Writing became intertwined with every part of my daily life. Life kept going and I kept writing. It was constantly in the back of my mind. I was either thinking about what I had written or what I was going to write about all the time. It was truly exhausting!
Am I glad it's over? Yes. Am I sad it's over? Yes! But mostly, I'm just grateful. I'm so grateful for this journey. I'm so grateful for this experience. I'm so grateful for my obedience to God. I'm so grateful for all of the encouragement and blessings I received from all of you. I'm so grateful that God shined His Light into all of my fears and through my stories, He was able to shine His light into your lives and fears as well.
Let's keep shining His Light within the darkness of ourselves so that we can be a brighter Light for Him in this world!
Blessings to you all!
PRAY WITH ME:
Father, I give all of my fears to You! Fear is a struggle that I have to face each day. I break the power of those fears with Your precious word. Help me to remind myself when fears creep into my mind that You haven't give me a spirit of fear, but of power, love and self-control.
Thank you for using my blogs for Your bigger purpose. Thank you for helping me conquer my fears through faith in You. Thank you for giving me the opportunity to encourage others and share Your love with others through this journey. I pray that You will continue to show everyone Your love and fill everyone with Your faith. God, I pray that You will shine Your light into the fears that we all have and give us all bold confidence to walk forward trusting You with our lives. Fill us all with Your faith instead of fear. Let fear be conquered in Jesus' name! Amen.

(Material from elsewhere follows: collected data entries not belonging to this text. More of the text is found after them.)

lemma (in prob_space) bonferroni_binomial_moments:
  fixes N :: "'a \<Rightarrow> nat"
  assumes N: "N \<in> measurable M (count_space UNIV)" and k: "k \<ge> 1"
    and int: "\<And>j. j \<le> m \<Longrightarrow> integrable M (\<lambda>w. real (N w choose (j + k)))"
  shows "odd m \<Longrightarrow> (\<Sum>j=0..m. (-1)^j * real (j + k - 1 choose (k - 1)) *
      expectation (\<lambda>w. real (N w choose (j + k)))) \<le> prob {w\<in>space M. k \<le> N w}"
    and "even m \<Longrightarrow> prob {w\<in>space M. k \<le> N w} \<le> (\<Sum>j=0..m. (-1)^j *
      real (j + k - 1 choose (k - 1)) * expectation (\<lambda>w. real (N w choose (j + k))))"
proof -
  have meas: "(\<lambda>w. f (N w) :: real) \<in> borel_measurable M" for f
    by (rule measurable_compose[OF N]) simp
  have int_sum: "integrable M (\<lambda>w. bonferroni_sum k m (N w))"
    unfolding bonferroni_sum_def
    by (intro Bochner_Integration.integrable_sum integrable_mult_right int) simp
  have "expectation (\<lambda>w. bonferroni_sum k m (N w)) = (\<Sum>j=0..m.
      expectation (\<lambda>w. (-1)^j * real (j + k - 1 choose (k - 1)) * real (N w choose (j + k))))"
    unfolding bonferroni_sum_def
    by (rule Bochner_Integration.integral_sum) (simp add: int)
  then have sum_eq: "(\<Sum>j=0..m. (-1)^j * real (j + k - 1 choose (k - 1)) *
      expectation (\<lambda>w. real (N w choose (j + k)))) = expectation (\<lambda>w. bonferroni_sum k m (N w))"
    by simp
  have "prob {w\<in>space M. k \<le> N w} = expectation (indicator {w\<in>space M. k \<le> N w})"
    by (simp add: Int_absorb2)
  also have "\<dots> = expectation (\<lambda>w. of_bool (k \<le> N w))"
    by (rule Bochner_Integration.integral_cong) (simp_all add: indicator_def)
  finally have prob_eq: "prob {w\<in>space M. k \<le> N w} = expectation (\<lambda>w. of_bool (k \<le> N w))" .
  have int_ind: "integrable M (\<lambda>w. of_bool (k \<le> N w) :: real)"
    by (intro integrable_const_bound[where B = 1] meas) simp
  show "odd m \<Longrightarrow> (\<Sum>j=0..m. (-1)^j * real (j + k - 1 choose (k - 1)) *
      expectation (\<lambda>w. real (N w choose (j + k)))) \<le> prob {w\<in>space M. k \<le> N w}"
    unfolding sum_eq prob_eq
    using bonferroni_sum_remainder_sign[OF k, of m]
    by (intro integral_mono int_sum int_ind) (simp add: zero_le_mult_iff)
  show "even m \<Longrightarrow> prob {w\<in>space M. k \<le> N w} \<le> (\<Sum>j=0..m. (-1)^j *
      real (j + k - 1 choose (k - 1)) * expectation (\<lambda>w. real (N w choose (j + k))))"
    unfolding sum_eq prob_eq
    using bonferroni_sum_remainder_sign[OF k, of m]
    by (intro integral_mono int_sum int_ind) simp
qed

To the Readers: Seriously...thank you! I truly appreciate those of you who took the time to share a kind word and words of encouragement. This was such an exhausting month, but when you took the time to read and comment on my blogs, it really made me smile and gave me that extra boost I needed to keep writing. I will keep writing because I've learned that God can really speak through me in my writing, but I'm taking a break for a while, as I'm sure you can understand. :-) I really need to give my family my undivided attention. I will wait to see what God has for me next. In the meantime, keep shining!